For each line in the data below that holds "fact", return a copy.

=== Begin Enclosure ===

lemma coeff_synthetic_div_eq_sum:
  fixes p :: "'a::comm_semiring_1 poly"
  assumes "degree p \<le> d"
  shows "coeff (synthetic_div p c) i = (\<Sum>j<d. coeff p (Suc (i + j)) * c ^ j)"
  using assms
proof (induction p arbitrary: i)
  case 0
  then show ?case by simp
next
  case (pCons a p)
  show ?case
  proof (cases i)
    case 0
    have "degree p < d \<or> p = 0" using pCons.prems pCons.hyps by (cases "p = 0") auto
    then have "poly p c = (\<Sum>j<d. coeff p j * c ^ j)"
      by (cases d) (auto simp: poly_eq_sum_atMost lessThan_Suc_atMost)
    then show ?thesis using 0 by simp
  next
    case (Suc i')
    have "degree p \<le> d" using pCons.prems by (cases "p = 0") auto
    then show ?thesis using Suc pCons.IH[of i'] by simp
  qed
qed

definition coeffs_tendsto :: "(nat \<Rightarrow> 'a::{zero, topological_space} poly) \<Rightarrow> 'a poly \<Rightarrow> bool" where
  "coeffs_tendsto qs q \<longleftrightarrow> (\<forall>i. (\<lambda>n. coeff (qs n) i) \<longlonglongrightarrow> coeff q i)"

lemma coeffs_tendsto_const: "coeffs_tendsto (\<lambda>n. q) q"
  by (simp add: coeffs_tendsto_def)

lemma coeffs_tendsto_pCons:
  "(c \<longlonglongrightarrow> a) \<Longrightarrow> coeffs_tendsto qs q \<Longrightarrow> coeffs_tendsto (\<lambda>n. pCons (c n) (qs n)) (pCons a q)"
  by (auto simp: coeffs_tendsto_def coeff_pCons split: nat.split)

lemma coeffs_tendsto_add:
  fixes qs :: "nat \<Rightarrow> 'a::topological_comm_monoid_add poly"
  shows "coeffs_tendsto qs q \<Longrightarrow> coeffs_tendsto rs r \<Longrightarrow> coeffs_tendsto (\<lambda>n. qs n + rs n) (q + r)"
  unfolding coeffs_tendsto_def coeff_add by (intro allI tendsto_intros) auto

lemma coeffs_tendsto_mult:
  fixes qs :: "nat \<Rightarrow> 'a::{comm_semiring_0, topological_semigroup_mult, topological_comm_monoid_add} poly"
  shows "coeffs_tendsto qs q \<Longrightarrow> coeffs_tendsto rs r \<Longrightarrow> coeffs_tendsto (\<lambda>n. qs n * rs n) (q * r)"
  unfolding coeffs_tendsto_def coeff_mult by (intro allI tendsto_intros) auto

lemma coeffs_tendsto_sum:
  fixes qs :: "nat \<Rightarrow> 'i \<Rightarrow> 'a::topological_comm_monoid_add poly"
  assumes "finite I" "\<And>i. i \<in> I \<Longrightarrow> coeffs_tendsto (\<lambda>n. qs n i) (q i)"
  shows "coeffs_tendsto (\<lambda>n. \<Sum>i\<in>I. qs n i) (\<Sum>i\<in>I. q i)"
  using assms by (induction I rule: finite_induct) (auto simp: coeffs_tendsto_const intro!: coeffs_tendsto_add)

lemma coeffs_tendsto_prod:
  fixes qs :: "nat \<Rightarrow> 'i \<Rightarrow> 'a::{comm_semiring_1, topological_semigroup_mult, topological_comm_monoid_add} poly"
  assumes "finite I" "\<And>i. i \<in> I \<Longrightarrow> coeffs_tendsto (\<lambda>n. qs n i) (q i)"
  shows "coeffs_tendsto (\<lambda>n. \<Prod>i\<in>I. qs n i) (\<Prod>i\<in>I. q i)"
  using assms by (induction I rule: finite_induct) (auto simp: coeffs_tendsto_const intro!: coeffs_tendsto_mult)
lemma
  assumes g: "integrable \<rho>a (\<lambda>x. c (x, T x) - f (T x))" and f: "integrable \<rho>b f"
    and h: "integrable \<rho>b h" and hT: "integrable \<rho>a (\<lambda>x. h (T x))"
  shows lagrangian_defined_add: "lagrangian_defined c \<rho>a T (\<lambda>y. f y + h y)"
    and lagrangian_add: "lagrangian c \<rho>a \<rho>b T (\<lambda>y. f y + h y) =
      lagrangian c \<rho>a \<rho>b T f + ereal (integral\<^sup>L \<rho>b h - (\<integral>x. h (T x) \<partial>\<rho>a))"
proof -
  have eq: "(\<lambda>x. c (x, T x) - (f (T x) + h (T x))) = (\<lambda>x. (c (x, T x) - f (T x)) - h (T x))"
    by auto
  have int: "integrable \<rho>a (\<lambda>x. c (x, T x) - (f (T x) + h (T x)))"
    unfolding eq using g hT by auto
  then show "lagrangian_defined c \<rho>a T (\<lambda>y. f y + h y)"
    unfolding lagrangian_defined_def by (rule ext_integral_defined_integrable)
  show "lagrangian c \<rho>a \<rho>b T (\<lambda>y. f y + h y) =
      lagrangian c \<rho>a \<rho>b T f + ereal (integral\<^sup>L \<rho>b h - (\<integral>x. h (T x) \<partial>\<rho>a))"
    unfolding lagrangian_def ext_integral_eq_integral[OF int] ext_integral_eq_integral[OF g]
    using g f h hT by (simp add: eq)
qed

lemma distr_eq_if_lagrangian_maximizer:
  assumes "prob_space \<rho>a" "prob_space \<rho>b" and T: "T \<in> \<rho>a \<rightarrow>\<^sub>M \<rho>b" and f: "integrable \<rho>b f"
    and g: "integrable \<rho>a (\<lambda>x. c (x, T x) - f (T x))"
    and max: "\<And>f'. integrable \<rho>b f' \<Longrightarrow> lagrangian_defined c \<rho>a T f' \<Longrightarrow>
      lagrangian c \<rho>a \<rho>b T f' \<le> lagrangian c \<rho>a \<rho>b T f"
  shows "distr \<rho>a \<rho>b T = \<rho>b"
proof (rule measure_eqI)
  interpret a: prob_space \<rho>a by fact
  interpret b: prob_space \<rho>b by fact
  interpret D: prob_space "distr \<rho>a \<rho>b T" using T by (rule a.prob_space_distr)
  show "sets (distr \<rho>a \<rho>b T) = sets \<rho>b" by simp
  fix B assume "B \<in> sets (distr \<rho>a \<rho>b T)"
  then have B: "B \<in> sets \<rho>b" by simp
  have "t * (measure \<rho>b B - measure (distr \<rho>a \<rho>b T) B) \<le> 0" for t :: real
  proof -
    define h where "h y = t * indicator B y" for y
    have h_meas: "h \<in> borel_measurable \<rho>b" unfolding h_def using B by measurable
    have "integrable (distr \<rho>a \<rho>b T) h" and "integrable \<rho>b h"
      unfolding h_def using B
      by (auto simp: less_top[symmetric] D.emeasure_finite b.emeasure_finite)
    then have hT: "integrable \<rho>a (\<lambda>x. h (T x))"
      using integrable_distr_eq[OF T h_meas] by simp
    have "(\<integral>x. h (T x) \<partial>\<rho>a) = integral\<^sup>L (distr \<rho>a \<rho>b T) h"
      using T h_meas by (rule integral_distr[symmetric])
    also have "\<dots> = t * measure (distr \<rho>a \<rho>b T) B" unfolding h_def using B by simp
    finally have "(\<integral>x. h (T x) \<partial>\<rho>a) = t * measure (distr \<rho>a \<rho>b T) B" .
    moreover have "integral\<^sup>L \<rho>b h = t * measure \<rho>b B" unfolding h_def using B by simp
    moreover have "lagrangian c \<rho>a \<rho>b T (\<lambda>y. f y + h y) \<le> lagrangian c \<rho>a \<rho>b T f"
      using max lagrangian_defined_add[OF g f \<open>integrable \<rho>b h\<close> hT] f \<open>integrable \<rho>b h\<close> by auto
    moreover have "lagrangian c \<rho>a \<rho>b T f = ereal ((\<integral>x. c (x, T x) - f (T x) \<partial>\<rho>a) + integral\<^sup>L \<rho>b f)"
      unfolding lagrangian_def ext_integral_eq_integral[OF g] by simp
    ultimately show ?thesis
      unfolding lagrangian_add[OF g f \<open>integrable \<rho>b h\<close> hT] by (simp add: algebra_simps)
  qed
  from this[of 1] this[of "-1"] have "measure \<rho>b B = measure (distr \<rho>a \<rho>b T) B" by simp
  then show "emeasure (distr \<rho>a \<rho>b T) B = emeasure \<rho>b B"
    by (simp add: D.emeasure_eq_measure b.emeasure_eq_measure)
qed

=== End Enclosure ===

> FINISHED EXERCISE
  interpret a: prob_space \<rho>a by fact
  interpret b: prob_space \<rho>b by fact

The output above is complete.